I made jokes about staying in bed all day and keeping the curtains drawn. I told people that my kids finally stopped asking why daddy was crying around noon. To tell the truth, I had a lot of well wishers and, in general, it really wasn't a bad day. I did nothing all day except watch my favorite DVDs and gorge myself on popcorn made in an antique stove-top popper (the only way to make real popcorn, in my book, is on the stove). Yes, in the end, it was a good day.
But still, turning 40 wasn't fun. I did have moments of doubt, regret and sadness. I just don't have a handle on what being a 40 year old means. I do see my years rushing forward to the point where I have more behind me than in front of me.
My son ran in the county fair sponsored 5K last Sunday. I watched from the stand as he passed over the finish line with 23:49.01 on the clock. I was so proud. To him, though, running is something to do. Being part of the XCountry team. It isn't something that is a part of him. And I can't say that it is an inner part of me yet either, but I'm getting there. I am incredibly proud of his finish. He finished 138th out of about 470 runners.
Why am I bringing up my son? Well, first there's the pride thing. But it also puts some things in perspective for me. I'm 40, not 14. I've got a 40 year old body that I've not taken care of very well, but I know what I need to do to regain my health. I can't run a 6 minute mile like my boy, but I can run a mile which is more than I could two years ago. I can't compete with other runners, but I'm at an age where I don't need to. Completing the task is reward enough.
Last night's run was awful. With the week off and the insane amount of crap I enjoyed eating, I could really tell the difference. I was carrying extra water in my muscles from all the carbs, my legs felt like lead, my feet hurt, it was hot, I felt as if I couldn't breathe. I didn't think I could do it. And, to be clear, it wasn't negative talk per se--I honestly thought my body would not make it through the run. Some runs are just like that and your body will tell you to stop.
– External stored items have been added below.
lemma L2_matrix_inv_mult_vec:
  fixes A :: "'a \<Rightarrow> real^'n^'n" and q :: "'a \<Rightarrow> real^'n"
  assumes A: "\<And>i j. (\<lambda>x. A x $ i $ j) \<in> borel_measurable M"
    and "\<theta> > 0" and coercive: "AE x in M. \<forall>\<xi>. \<theta> * (norm \<xi>)\<^sup>2 \<le> \<xi> \<bullet> (A x *v \<xi>)"
    and q: "\<forall>i. L2 M (\<lambda>x. q x $ i)"
  shows "L2 M (\<lambda>x. (matrix_inv (A x) *v q x) $ j)"
proof -
  let ?B = "\<lambda>x. (matrix_inv (A x) *v q x) $ j"
  have meas: "?B \<in> borel_measurable M"
    using A q by (intro borel_measurable_matrix_inv_mult_vec) (auto simp: L2_def)
  have "integrable M (\<lambda>x. (?B x)\<^sup>2)"
  proof (rule Bochner_Integration.integrable_bound)
    show "integrable M (\<lambda>x. (\<Sum>i\<in>UNIV. (q x $ i)\<^sup>2) / \<theta>\<^sup>2)" using q by (auto simp: L2_def)
    show "(\<lambda>x. (?B x)\<^sup>2) \<in> borel_measurable M" using meas by measurable
    show "AE x in M. norm ((?B x)\<^sup>2) \<le> norm ((\<Sum>i\<in>UNIV. (q x $ i)\<^sup>2) / \<theta>\<^sup>2)"
      using coercive
    proof eventually_elim
      case (elim x)
      have "\<bar>?B x\<bar> \<le> norm (q x) / \<theta>"
        using component_le_norm_cart coercive_matrix_inv_mult_vec_le[OF \<open>\<theta> > 0\<close> elim] order_trans
        by blast
      then have "(?B x)\<^sup>2 \<le> (norm (q x) / \<theta>)\<^sup>2" by (metis abs_ge_zero power2_abs power_mono)
      also have "\<dots> = (\<Sum>i\<in>UNIV. (q x $ i)\<^sup>2) / \<theta>\<^sup>2"
        by (simp add: power_divide norm_vec_def L2_set_def sum_nonneg)
      finally show ?case by (simp add: sum_nonneg)
    qed
  qed
  then show ?thesis using meas by (simp add: L2_def)
qed

lemma coercive_matrix_nonneg:
  fixes M :: "real^'n^'n"
  assumes "\<theta> > 0" "\<forall>\<xi>. \<theta> * (norm \<xi>)\<^sup>2 \<le> \<xi> \<bullet> (M *v \<xi>)"
  shows "0 \<le> (M *v z) \<bullet> z"
proof -
  have "0 \<le> \<theta> * (norm z)\<^sup>2" using assms(1) by simp
  also have "\<dots> \<le> z \<bullet> (M *v z)" using assms(2) by blast
  finally show ?thesis by (simp add: inner_commute)
qed

lemma energy_nonneg:
  fixes A :: "'a \<Rightarrow> real^'n^'n"
  assumes "\<theta> > 0" "AE x in M. \<forall>\<xi>. \<theta> * (norm \<xi>)\<^sup>2 \<le> \<xi> \<bullet> (A x *v \<xi>)"
  shows "0 \<le> (LINT x|M. (A x *v F x) \<bullet> F x)"
  using assms(2) by (intro integral_nonneg_AE, eventually_elim) (rule coercive_matrix_nonneg[OF assms(1)])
It is week 4 of the C25K program which meant two 3 minute jogs and two 5 minute plods with walking breaks in between. The ground was uneven in places at the park with roots and rock and I just didn't want to do it. My wife, however, would not let me give in. She encouraged me to keep pushing. She believed I could do it. And she was right.
She almost always is.
I'm sorry for this rambling post. I've just got too much to say and don't have a nice, neat way of pulling it all together. Life is good. Stressful situations are coming to a close. I will regain my health. I can do it.